Moshe Sharon, born in Haifa in 1937, educated at the Hebrew University and the University of London, has conducted research in Oxford, Paris and Dublin. He joined the faculty of the Hebrew University of Jerusalem in 1965 and received his PhD in Islamic history from that institution in 1971. He has taught Islamic history and civilization with special emphasis on the Shi‘a.

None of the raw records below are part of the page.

(* Let $L$ be a Lie algebra over a field $K$ of characteristic different from $2$ and $3$, and let $I$ be an ideal of $L$ of codimension $1$ which is perfect, i.e. $[I,I]=I$. Then there is an injective linear map $Z^2_{comm}(L)\to Z^2_{comm}(I)\oplus K$, where the summand $K$ corresponds to the trivial cocycle $\varphi$ defined by $\varphi(x,x)=1$, $\varphi(I,I)=\varphi(I,x)=0$ for a fixed $x\in L\setminus I$.
   Context: $Z^2_{comm}(L)$ is the space of symmetric bilinear forms $\varphi:L\times L\to K$ with $\varphi([x,y],z)+\varphi([z,x],y)+\varphi([y,z],x)=0$ for all $x,y,z\in L$. *)

theory Defs
  imports Complex_Main
begin

definition lie_algebra :: "('k::field \<Rightarrow> 'v::ab_group_add \<Rightarrow> 'v) \<Rightarrow> ('v \<Rightarrow> 'v \<Rightarrow> 'v) \<Rightarrow> bool" where
  "lie_algebra sc br \<longleftrightarrow> vector_space sc
     \<and> (\<forall>x y z. br (x + y) z = br x z + br y z)
     \<and> (\<forall>x y z. br x (y + z) = br x y + br x z)
     \<and> (\<forall>c x y. br (sc c x) y = sc c (br x y))
     \<and> (\<forall>c x y. br x (sc c y) = sc c (br x y))
     \<and> (\<forall>x. br x x = 0)
     \<and> (\<forall>x y z. br x (br y z) + br y (br z x) + br z (br x y) = 0)"

definition lie_ideal :: "('k::field \<Rightarrow> 'v::ab_group_add \<Rightarrow> 'v) \<Rightarrow> ('v \<Rightarrow> 'v \<Rightarrow> 'v) \<Rightarrow> 'v set \<Rightarrow> bool" where
  "lie_ideal sc br I \<longleftrightarrow> module.subspace sc I \<and> (\<forall>x y. y \<in> I \<longrightarrow> br x y \<in> I)"

definition codim_one :: "('k::field \<Rightarrow> 'v::ab_group_add \<Rightarrow> 'v) \<Rightarrow> 'v set \<Rightarrow> bool" where
  "codim_one sc I \<longleftrightarrow> (\<exists>x. x \<notin> I \<and> (\<forall>v. \<exists>i\<in>I. \<exists>c. v = i + sc c x))"

definition perfect :: "('k::field \<Rightarrow> 'v::ab_group_add \<Rightarrow> 'v) \<Rightarrow> ('v \<Rightarrow> 'v \<Rightarrow> 'v) \<Rightarrow> 'v set \<Rightarrow> bool" where
  "perfect sc br I \<longleftrightarrow> module.span sc {br a b | a b. a \<in> I \<and> b \<in> I} = I"

text \<open>Z^2_comm of the Lie algebra S (S = UNIV for L, S = I for an ideal):
symmetric bilinear forms on S satisfying the cyclic condition; for definiteness
the form is required to vanish outside S \<times> S, so forms on I are determined by
their values on I \<times> I.\<close>
definition Z2comm :: "('k::field \<Rightarrow> 'v::ab_group_add \<Rightarrow> 'v) \<Rightarrow> ('v \<Rightarrow> 'v \<Rightarrow> 'v) \<Rightarrow> 'v set \<Rightarrow> ('v \<Rightarrow> 'v \<Rightarrow> 'k) set" where
  "Z2comm sc br S = {\<phi>.
     (\<forall>a\<in>S. \<forall>b\<in>S. \<forall>c\<in>S. \<phi> (a + b) c = \<phi> a c + \<phi> b c)
   \<and> (\<forall>t. \<forall>a\<in>S. \<forall>b\<in>S. \<phi> (sc t a) b = t * \<phi> a b)
   \<and> (\<forall>a\<in>S. \<forall>b\<in>S. \<phi> a b = \<phi> b a)
   \<and> (\<forall>x\<in>S. \<forall>y\<in>S. \<forall>z\<in>S. \<phi> (br x y) z + \<phi> (br z x) y + \<phi> (br y z) x = 0)
   \<and> (\<forall>a b. \<not> (a \<in> S \<and> b \<in> S) \<longrightarrow> \<phi> a b = 0)}"


text \<open>For x \<notin> I with L = I + Kx, the coefficient of v along x, and the trivial
cocycle phi_x with phi_x(x,x) = 1, phi_x(I,I) = phi_x(I,x) = 0, i.e.
phi_x(a,b) = coeff(a) * coeff(b).\<close>
definition x_coeff :: "('k::field \<Rightarrow> 'v::ab_group_add \<Rightarrow> 'v) \<Rightarrow> 'v set \<Rightarrow> 'v \<Rightarrow> 'v \<Rightarrow> 'k" where
  "x_coeff sc I x v = (THE c. v - sc c x \<in> I)"

definition trivial_cocycle :: "('k::field \<Rightarrow> 'v::ab_group_add \<Rightarrow> 'v) \<Rightarrow> 'v set \<Rightarrow> 'v \<Rightarrow> 'v \<Rightarrow> 'v \<Rightarrow> 'k" where
  "trivial_cocycle sc I x a b = x_coeff sc I x a * x_coeff sc I x b"

end

theory Submission
  imports Defs
begin

text \<open>Fix \<open>x \<notin> I\<close> and send a cocycle \<open>\<phi>\<close> of \<open>L\<close> to its restriction to \<open>I \<times> I\<close>
together with \<open>\<phi>(x,x)\<close>.
For injectivity, let \<open>\<phi>\<close> vanish on \<open>I \<times> I\<close> and at \<open>(x,x)\<close>. The cyclic identity gives
\<open>\<phi>([a,b],x) = -\<phi>([x,a],b) - \<phi>([b,x],a) = 0\<close> for \<open>a, b \<in> I\<close>, since \<open>I\<close> is an ideal;
as \<open>I\<close> is perfect, \<open>\<phi>(I,x) = 0\<close>. Since \<open>L = I + Kx\<close>, bilinearity forces \<open>\<phi> = 0\<close>.\<close>

definition restrict_form :: "'v set \<Rightarrow> ('v \<Rightarrow> 'v \<Rightarrow> 'k::zero) \<Rightarrow> 'v \<Rightarrow> 'v \<Rightarrow> 'k" where
  "restrict_form S \<phi> a b = (if a \<in> S \<and> b \<in> S then \<phi> a b else 0)"

lemma lie_algebra_module: "lie_algebra sc br \<Longrightarrow> module sc"
  unfolding lie_algebra_def by (simp add: module_iff_vector_space)

lemma lie_algebra_bracket_antisym:
  assumes "lie_algebra sc br"
  shows "br b a = - br a b"
proof -
  have add_left: "\<And>a b c. br (a + b) c = br a c + br b c"
    and add_right: "\<And>a b c. br a (b + c) = br a b + br a c"
    and alt: "\<And>a. br a a = 0"
    using assms unfolding lie_algebra_def by auto
  have "br (a + b) (a + b) = br a a + br b a + (br a b + br b b)"
    by (simp only: add_left add_right)
  then have "br b a + br a b = 0" by (simp add: alt)
  then show ?thesis by (simp add: eq_neg_iff_add_eq_0)
qed

lemma lie_ideal_bracket_left:
  assumes "lie_algebra sc br" and "lie_ideal sc br I" and "a \<in> I"
  shows "br a b \<in> I"
proof -
  interpret module sc using assms(1) by (rule lie_algebra_module)
  have "br b a \<in> I" and "subspace I" using assms(2,3) unfolding lie_ideal_def by auto
  then show ?thesis
    using lie_algebra_bracket_antisym[OF assms(1), of a b] subspace_neg by fastforce
qed

lemma codim_one_decomp:
  assumes "module sc" and "module.subspace sc I" and "codim_one sc I" and "x \<notin> I"
  shows "\<exists>i\<in>I. \<exists>c. v = i + sc c x"
proof -
  interpret module sc by (rule assms(1))
  obtain x0 where x0: "x0 \<notin> I" and gen: "\<forall>v. \<exists>i\<in>I. \<exists>c. v = i + sc c x0"
    using assms(3) unfolding codim_one_def by blast
  obtain i0 c0 where i0: "i0 \<in> I" and x: "x = i0 + sc c0 x0" using gen by blast
  have "c0 \<noteq> 0" using x i0 assms(4) by auto
  then have x0_eq: "x0 = sc (inverse c0) (x - i0)"
    using x by (simp add: scale_right_diff_distrib)
  obtain i c where i: "i \<in> I" and v: "v = i + sc c x0" using gen by blast
  have "v = (i - sc (c * inverse c0) i0) + sc (c * inverse c0) x"
    using v x0_eq by (simp add: scale_right_diff_distrib)
  moreover have "i - sc (c * inverse c0) i0 \<in> I"
    using assms(2) i i0 by (simp add: subspace_diff subspace_scale)
  ultimately show ?thesis by blast
qed

lemma x_coeff_eq:
  assumes "module sc" and "module.subspace sc I" and "x \<notin> I" and "v - sc c x \<in> I"
  shows "x_coeff sc I x v = c"
  unfolding x_coeff_def
proof (rule the_equality)
  interpret module sc by (rule assms(1))
  fix d assume "v - sc d x \<in> I"
  then have "(v - sc d x) - (v - sc c x) \<in> I" using assms(2,4) subspace_diff by blast
  then have dx: "sc (c - d) x \<in> I" by (simp add: scale_left_diff_distrib)
  show "d = c"
  proof (rule ccontr)
    assume "d \<noteq> c"
    then have "sc (inverse (c - d)) (sc (c - d) x) = x" by simp
    then show False using subspace_scale[OF assms(2) dx, of "inverse (c - d)"] assms(3) by simp
  qed
qed (fact assms(4))

lemma trivial_cocycle_restrict_form:
  assumes "module sc" and "module.subspace sc I" and "x \<notin> I"
  shows "restrict_form I (trivial_cocycle sc I x) = (\<lambda>a b. 0)"
    and "trivial_cocycle sc I x x x = 1"
proof -
  interpret module sc by (rule assms(1))
  have "x_coeff sc I x a = 0" if "a \<in> I" for a
    using x_coeff_eq[OF assms, of a 0] that by simp
  then show "restrict_form I (trivial_cocycle sc I x) = (\<lambda>a b. 0)"
    by (auto simp: fun_eq_iff restrict_form_def trivial_cocycle_def)
  have "x_coeff sc I x x = 1"
    using x_coeff_eq[OF assms, of x 1] subspace_0[OF assms(2)] by simp
  then show "trivial_cocycle sc I x x x = 1" by (simp add: trivial_cocycle_def)
qed

lemma Z2comm_UNIV_D:
  assumes "\<phi> \<in> Z2comm sc br UNIV"
  shows "\<phi> (a + b) c = \<phi> a c + \<phi> b c"
    and "\<phi> (sc t a) b = t * \<phi> a b"
    and "\<phi> a b = \<phi> b a"
    and "\<phi> (br a b) c + \<phi> (br c a) b + \<phi> (br b c) a = 0"
  using assms unfolding Z2comm_def by auto

lemma Z2comm_UNIV_zero_left:
  assumes "\<phi> \<in> Z2comm sc br UNIV"
  shows "\<phi> 0 b = 0"
  using Z2comm_UNIV_D(1)[OF assms, of 0 0 b] by (metis add.right_neutral add_left_cancel)

lemma Z2comm_UNIV_expand:
  assumes "\<phi> \<in> Z2comm sc br UNIV"
  shows "\<phi> (i + sc c x) (j + sc d x) = \<phi> i j + d * \<phi> i x + c * \<phi> j x + c * d * \<phi> x x"
proof -
  note add = Z2comm_UNIV_D(1)[OF assms] and scale = Z2comm_UNIV_D(2)[OF assms]
    and sym = Z2comm_UNIV_D(3)[OF assms]
  have "\<phi> i (j + sc d x) = \<phi> i j + d * \<phi> i x"
    by (subst sym) (simp add: add scale sym[of j i] sym[of x i])
  moreover have "\<phi> x (j + sc d x) = \<phi> j x + d * \<phi> x x"
    by (subst sym) (simp add: add scale)
  ultimately show ?thesis by (simp add: add scale algebra_simps)
qed

lemma Z2comm_diff:
  assumes "\<phi> \<in> Z2comm sc br S" and "\<psi> \<in> Z2comm sc br S"
  shows "(\<lambda>a b. \<phi> a b - \<psi> a b) \<in> Z2comm sc br S"
proof -
  have "(\<phi> p1 q1 - \<psi> p1 q1) + (\<phi> p2 q2 - \<psi> p2 q2) + (\<phi> p3 q3 - \<psi> p3 q3) = 0"
    if "\<phi> p1 q1 + \<phi> p2 q2 + \<phi> p3 q3 = 0" and "\<psi> p1 q1 + \<psi> p2 q2 + \<psi> p3 q3 = 0"
    for p1 q1 p2 q2 p3 q3
  proof -
    have "(\<phi> p1 q1 - \<psi> p1 q1) + (\<phi> p2 q2 - \<psi> p2 q2) + (\<phi> p3 q3 - \<psi> p3 q3)
        = (\<phi> p1 q1 + \<phi> p2 q2 + \<phi> p3 q3) - (\<psi> p1 q1 + \<psi> p2 q2 + \<psi> p3 q3)"
      by (simp add: algebra_simps)
    then show ?thesis using that by simp
  qed
  then show ?thesis
    using assms unfolding Z2comm_def by (simp add: algebra_simps)
qed

lemma Z2comm_restrict_form:
  assumes "lie_algebra sc br" and "lie_ideal sc br I" and "\<phi> \<in> Z2comm sc br UNIV"
  shows "restrict_form I \<phi> \<in> Z2comm sc br I"
proof -
  interpret module sc using assms(1) by (rule lie_algebra_module)
  show ?thesis
    using assms subspace_add subspace_scale
    unfolding Z2comm_def restrict_form_def lie_ideal_def by auto
qed

lemma Z2comm_zero_on_ideal_imp_zero_on_ideal_left:
  assumes "lie_algebra sc br" and "lie_ideal sc br I" and "perfect sc br I"
    and "\<phi> \<in> Z2comm sc br UNIV" and "\<forall>a\<in>I. \<forall>b\<in>I. \<phi> a b = 0" and "i \<in> I"
  shows "\<phi> i x = 0"
proof -
  interpret module sc using assms(1) by (rule lie_algebra_module)
  define S where "S = {v. \<phi> v x = 0}"
  have "subspace S"
    unfolding subspace_def S_def
    by (simp add: Z2comm_UNIV_zero_left[OF assms(4)] Z2comm_UNIV_D(1,2)[OF assms(4)])
  moreover have "{br a b | a b. a \<in> I \<and> b \<in> I} \<subseteq> S"
  proof clarify
    fix a b assume a: "a \<in> I" and b: "b \<in> I"
    have "br x a \<in> I" and "br b x \<in> I"
      using assms(2) a lie_ideal_bracket_left[OF assms(1,2) b] unfolding lie_ideal_def by auto
    then show "br a b \<in> S"
      using Z2comm_UNIV_D(4)[OF assms(4), of a b x] assms(5) a b unfolding S_def by simp
  qed
  ultimately have "span {br a b | a b. a \<in> I \<and> b \<in> I} \<subseteq> S" by (rule span_minimal[rotated])
  then show ?thesis using assms(3,6) unfolding perfect_def S_def by auto
qed

lemma Z2comm_eq_zero_if_vanishes_on_ideal:
  assumes "lie_algebra sc br" and "lie_ideal sc br I" and "codim_one sc I" and "perfect sc br I"
    and "x \<notin> I" and "\<phi> \<in> Z2comm sc br UNIV"
    and "restrict_form I \<phi> = (\<lambda>a b. 0)" and "\<phi> x x = 0"
  shows "\<phi> = (\<lambda>a b. 0)"
proof (intro ext)
  fix v w
  have module: "module sc" and subspace: "module.subspace sc I"
    using assms(1,2) lie_algebra_module unfolding lie_ideal_def by auto
  have on_I: "\<forall>a\<in>I. \<forall>b\<in>I. \<phi> a b = 0"
    using assms(7) by (metis restrict_form_def)
  obtain i c j d where "i \<in> I" "j \<in> I" and "v = i + sc c x" and "w = j + sc d x"
    using codim_one_decomp[OF module subspace assms(3,5)] by metis
  then show "\<phi> v w = 0"
    using Z2comm_UNIV_expand[OF assms(6)] on_I assms(8)
      Z2comm_zero_on_ideal_imp_zero_on_ideal_left[OF assms(1,2,4,6) on_I] by simp
qed

lemma inj_on_restrict_form_and_value:
  assumes "lie_algebra sc br" and "lie_ideal sc br I" and "codim_one sc I" and "perfect sc br I"
    and "x \<notin> I"
  shows "inj_on (\<lambda>\<phi>. (restrict_form I \<phi>, \<phi> x x)) (Z2comm sc br UNIV)"
proof (rule inj_onI)
  fix \<phi> \<psi> assume \<phi>: "\<phi> \<in> Z2comm sc br UNIV" and \<psi>: "\<psi> \<in> Z2comm sc br UNIV"
    and "(restrict_form I \<phi>, \<phi> x x) = (restrict_form I \<psi>, \<psi> x x)"
  then have "restrict_form I \<phi> = restrict_form I \<psi>" and "\<phi> x x - \<psi> x x = 0"
    by simp_all
  moreover have "restrict_form I (\<lambda>a b. \<phi> a b - \<psi> a b) a b
      = restrict_form I \<phi> a b - restrict_form I \<psi> a b" for a b
    by (simp add: restrict_form_def)
  ultimately have "restrict_form I (\<lambda>a b. \<phi> a b - \<psi> a b) = (\<lambda>a b. 0)"
    and "\<phi> x x - \<psi> x x = 0"
    by auto
  then have "(\<lambda>a b. \<phi> a b - \<psi> a b) = (\<lambda>a b. 0)"
    using Z2comm_eq_zero_if_vanishes_on_ideal[OF assms Z2comm_diff[OF \<phi> \<psi>]] by blast
  then show "\<phi> = \<psi>" by (simp add: fun_eq_iff)
qed

theorem lemma5p2:
  fixes sc :: "'k::field \<Rightarrow> 'v::ab_group_add \<Rightarrow> 'v"
    and br :: "'v \<Rightarrow> 'v \<Rightarrow> 'v"
    and I :: "'v set"
  assumes "lie_algebra sc br"
    and "(2::'k) \<noteq> 0" and "(3::'k) \<noteq> 0"
    and "lie_ideal sc br I"
    and "codim_one sc I"
    and "perfect sc br I"
  shows "\<forall>x. x \<notin> I \<longrightarrow>
    (\<exists>T :: ('v \<Rightarrow> 'v \<Rightarrow> 'k) \<Rightarrow> ('v \<Rightarrow> 'v \<Rightarrow> 'k) \<times> 'k.
        (\<forall>\<phi>\<in>Z2comm sc br UNIV. T \<phi> \<in> Z2comm sc br I \<times> UNIV)
      \<and> (\<forall>\<phi>\<in>Z2comm sc br UNIV. \<forall>\<psi>\<in>Z2comm sc br UNIV.
            T (\<lambda>a b. \<phi> a b + \<psi> a b) =
              ((\<lambda>a b. fst (T \<phi>) a b + fst (T \<psi>) a b), snd (T \<phi>) + snd (T \<psi>)))
      \<and> (\<forall>t. \<forall>\<phi>\<in>Z2comm sc br UNIV.
            T (\<lambda>a b. t * \<phi> a b) = ((\<lambda>a b. t * fst (T \<phi>) a b), t * snd (T \<phi>)))
      \<and> inj_on T (Z2comm sc br UNIV)
      \<and> T (trivial_cocycle sc I x) = ((\<lambda>a b. 0), 1))"
  apply (intro allI impI)
  subgoal premises x for x
    using inj_on_restrict_form_and_value[OF assms(1,4,5,6) x]
      trivial_cocycle_restrict_form[OF lie_algebra_module[OF assms(1)] _ x]
      Z2comm_restrict_form[OF assms(1,4)] assms(4)
    by (intro exI[of _ "\<lambda>\<phi>. (restrict_form I \<phi>, \<phi> x x)"] conjI)
      (auto simp: restrict_form_def fun_eq_iff lie_ideal_def)
  done

end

He is a specialist in Arabic epigraphy and has recorded all the Arabic inscriptions in the Holy land. Since 1997 he has published five volumes of his opus, still in progress, Corpus Inscriptionum Arabicarum Palaestinae (Publisher: Brill, Leiden 1997-2008). In 1999 professor Sharon was appointed to the chair of Baha’í Studies and is now Professor Emeritus of Islamic and Middle Eastern Studies at the Hebrew University of Jerusalem. In 2005 he published the first translation into Hebrew of al-Kitab al Aqdas, the holy book of the Babí-Baha’í faiths, and included a study of the history and theology of the group.
Professor Sharon served as Prime Minister Menachem Begin’s adviser on Arab Affairs and took part in the negotiations for peace with Egypt.
He and his wife, Judy, have six children and twenty two grandchildren.